(* Let $p(z)$ be an admissible polynomial of degree at most $n-1$ and let $L(p(z))\subset S$ be the saturated segment ideal with respect to the lex order with Hilbert polynomial $p(z)$. Then $L(p(z))$ is a gen-segment ideal with respect to the revlex order if and only if $\deg p(z)\le1$ or $L(p(z))$ has at most two minimal generators of degree $>1$.
   Context: $S=K[x_0,\dots,x_n]$, $K$ algebraically closed of characteristic $0$, standard grading, $x_0<x_1<\dots<x_n$; $\mathbb T_t$ is the set of terms of degree $t$. Lex order: for terms of the same degree, $x^\alpha\prec x^\beta$ iff $\alpha_k<\beta_k$ where $k=\max\{i:\alpha_i\ne\beta_i\}$. Revlex order: $x^\alpha\prec x^\beta$ iff $\alpha_h>\beta_h$ where $h=\min\{i:\alpha_i\neq\beta_i\}$. Given a term order, $B\subseteq\mathbb T_t$ is a segment if $\tau\in B$, $\tau'\in\mathbb T_t$, $\tau'\succ\tau$ imply $\tau'\in B$; a monomial ideal is a segment ideal if all its degree components are segments. For every admissible polynomial $p(z)$ of degree $\le n-1$ there is a unique saturated lex segment ideal $L(p(z))$ with Hilbert polynomial $p(z)$. A nonzero saturated Borel ideal $I$ is a gen-segment ideal w.r.t. $\preceq$ if for every $s$, whenever $\tau$ is a minimal monomial generator of degree $s$ and $\tau'\in\mathbb T_s$ is not in the ideal generated by $I_{s-1}$ with $\tau'\succ\tau$, then $\tau'$ is also a minimal generator of $I$. *)

theory Defs
  imports "HOL-Computational_Algebra.Polynomial"
begin

text \<open>Terms of S = K[x_0,...,x_n] are encoded by exponent vectors
  a :: nat \<Rightarrow> nat with a i = 0 for i > n. Monomial ideals are encoded by
  their sets of terms.\<close>

definition terms :: "nat \<Rightarrow> (nat \<Rightarrow> nat) set" where
  "terms n = {a. \<forall>i>n. a i = 0}"

definition tdeg :: "nat \<Rightarrow> (nat \<Rightarrow> nat) \<Rightarrow> nat" where
  "tdeg n a = (\<Sum>i\<le>n. a i)"

definition tdvd :: "(nat \<Rightarrow> nat) \<Rightarrow> (nat \<Rightarrow> nat) \<Rightarrow> bool" where
  "tdvd a b \<longleftrightarrow> (\<forall>i. a i \<le> b i)"

definition monomial_ideal :: "nat \<Rightarrow> (nat \<Rightarrow> nat) set \<Rightarrow> bool" where
  "monomial_ideal n I \<longleftrightarrow> I \<subseteq> terms n \<and>
     (\<forall>a\<in>I. \<forall>b\<in>terms n. (\<lambda>i. a i + b i) \<in> I)"

definition min_gen :: "(nat \<Rightarrow> nat) set \<Rightarrow> (nat \<Rightarrow> nat) \<Rightarrow> bool" where
  "min_gen I a \<longleftrightarrow> a \<in> I \<and> (\<forall>b\<in>I. tdvd b a \<longrightarrow> b = a)"

text \<open>Hilbert function of S/I in degree t.\<close>
definition hilb :: "nat \<Rightarrow> (nat \<Rightarrow> nat) set \<Rightarrow> nat \<Rightarrow> nat" where
  "hilb n I t = card {a \<in> terms n. tdeg n a = t \<and> a \<notin> I}"

definition hilbert_poly :: "nat \<Rightarrow> (nat \<Rightarrow> nat) set \<Rightarrow> rat poly \<Rightarrow> bool" where
  "hilbert_poly n I p \<longleftrightarrow> (\<exists>t0. \<forall>t\<ge>t0. of_nat (hilb n I t) = poly p (of_nat t))"

text \<open>Admissible polynomial: Hilbert polynomial of S/J for some homogeneous
  ideal J; by Groebner degeneration equivalently for some monomial ideal J.\<close>
definition admissible :: "nat \<Rightarrow> rat poly \<Rightarrow> bool" where
  "admissible n p \<longleftrightarrow> (\<exists>J. monomial_ideal n J \<and> hilbert_poly n J p)"

text \<open>Saturation: I : m^infinity = I (for monomial ideals).\<close>
definition saturated :: "nat \<Rightarrow> (nat \<Rightarrow> nat) set \<Rightarrow> bool" where
  "saturated n I \<longleftrightarrow> (\<forall>a\<in>terms n.
     (\<exists>k. \<forall>b\<in>terms n. tdeg n b = k \<longrightarrow> (\<lambda>i. a i + b i) \<in> I) \<longrightarrow> a \<in> I)"

text \<open>Borel-fixed (strongly stable) with x_0 < x_1 < ... < x_n:
  if tau in I, x_j divides tau, j < i \<le> n, then x_i tau / x_j in I.\<close>
definition borel :: "nat \<Rightarrow> (nat \<Rightarrow> nat) set \<Rightarrow> bool" where
  "borel n I \<longleftrightarrow> (\<forall>a\<in>I. \<forall>i j. j < i \<and> i \<le> n \<and> a j > 0 \<longrightarrow>
     (\<lambda>k. if k = j then a k - 1 else if k = i then a k + 1 else a k) \<in> I)"

text \<open>Strict orders: less a b means a \<prec> b.\<close>
definition lex_less :: "(nat \<Rightarrow> nat) \<Rightarrow> (nat \<Rightarrow> nat) \<Rightarrow> bool" where
  "lex_less a b \<longleftrightarrow> (\<exists>k. a k < b k \<and> (\<forall>i>k. a i = b i))"

definition revlex_less :: "(nat \<Rightarrow> nat) \<Rightarrow> (nat \<Rightarrow> nat) \<Rightarrow> bool" where
  "revlex_less a b \<longleftrightarrow> (\<exists>h. a h > b h \<and> (\<forall>i<h. a i = b i))"

definition segment_ideal ::
    "((nat \<Rightarrow> nat) \<Rightarrow> (nat \<Rightarrow> nat) \<Rightarrow> bool) \<Rightarrow> nat \<Rightarrow> (nat \<Rightarrow> nat) set \<Rightarrow> bool" where
  "segment_ideal lt n I \<longleftrightarrow> monomial_ideal n I \<and>
     (\<forall>a\<in>I. \<forall>b\<in>terms n. tdeg n b = tdeg n a \<and> lt a b \<longrightarrow> b \<in> I)"

text \<open>Terms of degree s in the ideal generated by I_{s-1}.\<close>
definition in_gen_prev :: "nat \<Rightarrow> (nat \<Rightarrow> nat) set \<Rightarrow> nat \<Rightarrow> (nat \<Rightarrow> nat) \<Rightarrow> bool" where
  "in_gen_prev n I s a \<longleftrightarrow> (\<exists>b\<in>I. tdeg n b + 1 = s \<and> tdvd b a)"

definition gen_segment ::
    "((nat \<Rightarrow> nat) \<Rightarrow> (nat \<Rightarrow> nat) \<Rightarrow> bool) \<Rightarrow> nat \<Rightarrow> (nat \<Rightarrow> nat) set \<Rightarrow> bool" where
  "gen_segment lt n I \<longleftrightarrow> monomial_ideal n I \<and> I \<noteq> {} \<and> saturated n I \<and> borel n I \<and>
     (\<forall>s a b. min_gen I a \<and> tdeg n a = s \<and> b \<in> terms n \<and> tdeg n b = s \<and>
        \<not> in_gen_prev n I s b \<and> lt a b \<longrightarrow> min_gen I b)"

end

theory Submission
  imports Defs "HOL-Library.FuncSet"
begin

(* A saturated lex-segment ideal L is determined by one term: if c is the
   lex-least term of L not divisible by x_0, then L consists exactly of the terms whose
   x_0-free part is not lex-smaller than c (lemma saturated_lex_segment_eq).  For this
   ideal lex_ideal n c everything is explicit: its minimal generators are c and the
   terms lex_gen c w = x_w * (x_w^c_w ... x_n^c_n) for w beyond the first variable of c
   (min_gen_lex_ideal_iff).  Both sides of the theorem are then governed by a single
   combinatorial condition, "c is gapped": c involves two variables x_j, x_m with
   1 <= j and m >= j + 2.
     - If c is not gapped, lex_ideal n c is a revlex gen-segment ideal and has at most
       two minimal generators of degree > 1.
     - If c is gapped, the gen-segment property fails, there are at least three
       generators of degree > 1, and all terms in x_0, x_1, x_2 avoid the ideal, so a
       Hilbert-function lower bound forces deg p >= 2.
   The same lower bound (with all variables) shows L is nonempty when deg p <= n - 1. *)

section \<open>The lex order\<close>

lemma lex_irrefl: "\<not> lex_less a a"
  by (auto simp: lex_less_def)

lemma lex_trans:
  assumes "lex_less a b" "lex_less b c"
  shows "lex_less a c"
proof -
  obtain k1 k2 where h1: "a k1 < b k1" "\<forall>i>k1. a i = b i"
    and h2: "b k2 < c k2" "\<forall>i>k2. b i = c i"
    using assms unfolding lex_less_def by blast
  let ?k = "max k1 k2"
  have "a ?k < c ?k"
    using h1 h2 by (cases k1 k2 rule: linorder_cases) (auto simp: max_def)
  moreover have "\<forall>i>?k. a i = c i" using h1(2) h2(2) by simp
  ultimately show ?thesis unfolding lex_less_def by blast
qed

lemma lex_asym: "lex_less a b \<Longrightarrow> \<not> lex_less b a"
  using lex_trans lex_irrefl by blast

text \<open>Two different exponent vectors that agree beyond n are lex-comparable:
  compare them at the largest index where they differ.\<close>
lemma lex_total:
  assumes "\<forall>i>n. a i = b i" "a \<noteq> b"
  shows "lex_less a b \<or> lex_less b a"
proof -
  let ?D = "{i. a i \<noteq> b i}"
  have fin: "finite ?D"
    by (rule finite_subset[of _ "{..n}"]) (use assms(1) in \<open>auto simp: not_less[symmetric]\<close>)
  have ne: "?D \<noteq> {}" using assms(2) by auto
  define w where "w = Max ?D"
  have w: "a w \<noteq> b w" using Max_in[OF fin ne] w_def by simp
  have up: "\<forall>i>w. a i = b i"
    using Max_ge[OF fin] unfolding w_def by (metis (mono_tags) mem_Collect_eq not_le)
  show ?thesis
  proof (cases "a w < b w")
    case True then show ?thesis using up unfolding lex_less_def by blast
  next
    case False then have "b w < a w" using w by simp
    then show ?thesis using up unfolding lex_less_def by (metis (no_types))
  qed
qed

text \<open>Within a fixed number of variables every nonempty set of terms has a lex-minimal
  element; by induction on n, minimising first the last exponent.\<close>
lemma lex_min_exists:
  "S \<subseteq> terms n \<Longrightarrow> S \<noteq> {} \<Longrightarrow> \<exists>c\<in>S. \<forall>b\<in>S. \<not> lex_less b c"
proof (induction n arbitrary: S)
  case 0
  obtain a where "a \<in> S" using 0 by auto
  then obtain c where c: "c \<in> S" "\<forall>y\<in>S. c 0 \<le> y 0"
    using ex_has_least_nat[of "\<lambda>x. x \<in> S" a "\<lambda>x. x 0"] by blast
  have "\<not> lex_less b c" if "b \<in> S" for b
  proof
    assume "lex_less b c"
    then obtain k where k: "b k < c k" unfolding lex_less_def by blast
    have "c k = 0" if "k \<noteq> 0" using that 0(1) c(1) by (auto simp: terms_def)
    then have "k = 0" using k by (metis less_zeroE)
    then show False using k c(2) \<open>b \<in> S\<close> by fastforce
  qed
  then show ?case using c(1) by blast
next
  case (Suc n)
  obtain a where "a \<in> S" using Suc by auto
  then obtain a0 where a0: "a0 \<in> S" "\<forall>y\<in>S. a0 (Suc n) \<le> y (Suc n)"
    using ex_has_least_nat[of "\<lambda>x. x \<in> S" a "\<lambda>x. x (Suc n)"] by blast
  define S1 where "S1 = {x\<in>S. x (Suc n) = a0 (Suc n)}"
  define T where "T = (\<lambda>x. x(Suc n := 0)) ` S1"
  have "T \<subseteq> terms n" using Suc.prems(1) unfolding T_def S1_def terms_def by auto
  moreover have "T \<noteq> {}" unfolding T_def S1_def using a0 by auto
  ultimately obtain c' where c': "c' \<in> T" "\<forall>b\<in>T. \<not> lex_less b c'" using Suc.IH by blast
  then obtain c where c: "c \<in> S1" "c' = c(Suc n := 0)" unfolding T_def by auto
  have "\<not> lex_less b c" if b: "b \<in> S" for b
  proof
    assume "lex_less b c"
    then obtain k where k: "b k < c k" "\<forall>i>k. b i = c i" unfolding lex_less_def by blast
    have cS: "c \<in> S" and cmu: "c (Suc n) = a0 (Suc n)" using c S1_def by auto
    consider "k > Suc n" | "k = Suc n" | "k < Suc n" by linarith
    then show False
    proof cases
      case 1 then show ?thesis using k b Suc.prems(1) cS by (auto simp: terms_def)
    next
      case 2 then show ?thesis using k a0 b cmu by (metis leD)
    next
      case 3
      then have "b(Suc n := 0) \<in> T" unfolding T_def S1_def using b k cmu by auto
      moreover have "lex_less (b(Suc n := 0)) c'" unfolding lex_less_def c(2)
        using k 3 by (intro exI[of _ k]) auto
      ultimately show ?thesis using c' by blast
    qed
  qed
  then show ?case using c S1_def by blast
qed

section \<open>Terms and degrees\<close>

lemma terms_zero: "a \<in> terms n \<Longrightarrow> n < i \<Longrightarrow> a i = 0"
  by (auto simp: terms_def)

lemma terms_le_closed:
  assumes "\<forall>i. b i \<le> c i" "c \<in> terms n"
  shows "b \<in> terms n"
  unfolding terms_def
proof (intro CollectI allI impI)
  fix i assume "n < i"
  then show "b i = 0" using assms(1) terms_zero[OF assms(2)] by (metis le_0_eq)
qed

lemma tdeg_add: "tdeg n (\<lambda>i. a i + b i) = tdeg n a + tdeg n b"
  by (simp add: tdeg_def sum.distrib)

lemma exponent_le_tdeg: "i \<le> n \<Longrightarrow> a i \<le> tdeg n a"
  unfolding tdeg_def by (rule member_le_sum) auto

lemma two_exponents_le_tdeg: "i \<le> n \<Longrightarrow> l \<le> n \<Longrightarrow> i \<noteq> l \<Longrightarrow> a i + a l \<le> tdeg n a"
proof -
  assume "i \<le> n" "l \<le> n" "i \<noteq> l"
  have "(\<Sum>x\<in>{i,l}. a x) \<le> (\<Sum>x\<le>n. a x)"
    by (rule sum_mono2) (use \<open>i \<le> n\<close> \<open>l \<le> n\<close> in auto)
  then show ?thesis using \<open>i \<noteq> l\<close> by (simp add: tdeg_def)
qed

lemma tdeg_less_of_proper_divisor:
  assumes "b \<in> terms n" "\<forall>i. a i \<le> b i" "a \<noteq> b"
  shows "tdeg n a < tdeg n b"
proof -
  obtain i where "a i \<noteq> b i" using assms(3) by blast
  then have "a i < b i" using assms(2) le_neq_implies_less by blast
  moreover have "i \<le> n" using calculation terms_zero[OF assms(1), of i] by (cases "n < i") auto
  ultimately show ?thesis unfolding tdeg_def
    by (intro sum_strict_mono_ex1) (use assms(2) in auto)
qed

▶ **Work order**
Start with the line above that contains "c(1) by (auto simp: terms_def)" and end with the line that contains "proof cases". Write out those lines exactly, and only those.

▶ **Result of the exercise**
    have "c k = 0" if "k \<noteq> 0" using that 0(1) c(1) by (auto simp: terms_def)
    then have "k = 0" using k by (metis less_zeroE)
    then show False using k c(2) \<open>b \<in> S\<close> by fastforce
  qed
  then show ?case using c(1) by blast
next
  case (Suc n)
  obtain a where "a \<in> S" using Suc by auto
  then obtain a0 where a0: "a0 \<in> S" "\<forall>y\<in>S. a0 (Suc n) \<le> y (Suc n)"
    using ex_has_least_nat[of "\<lambda>x. x \<in> S" a "\<lambda>x. x (Suc n)"] by blast
  define S1 where "S1 = {x\<in>S. x (Suc n) = a0 (Suc n)}"
  define T where "T = (\<lambda>x. x(Suc n := 0)) ` S1"
  have "T \<subseteq> terms n" using Suc.prems(1) unfolding T_def S1_def terms_def by auto
  moreover have "T \<noteq> {}" unfolding T_def S1_def using a0 by auto
  ultimately obtain c' where c': "c' \<in> T" "\<forall>b\<in>T. \<not> lex_less b c'" using Suc.IH by blast
  then obtain c where c: "c \<in> S1" "c' = c(Suc n := 0)" unfolding T_def by auto
  have "\<not> lex_less b c" if b: "b \<in> S" for b
  proof
    assume "lex_less b c"
    then obtain k where k: "b k < c k" "\<forall>i>k. b i = c i" unfolding lex_less_def by blast
    have cS: "c \<in> S" and cmu: "c (Suc n) = a0 (Suc n)" using c S1_def by auto
    consider "k > Suc n" | "k = Suc n" | "k < Suc n" by linarith
    then show False
    proof cases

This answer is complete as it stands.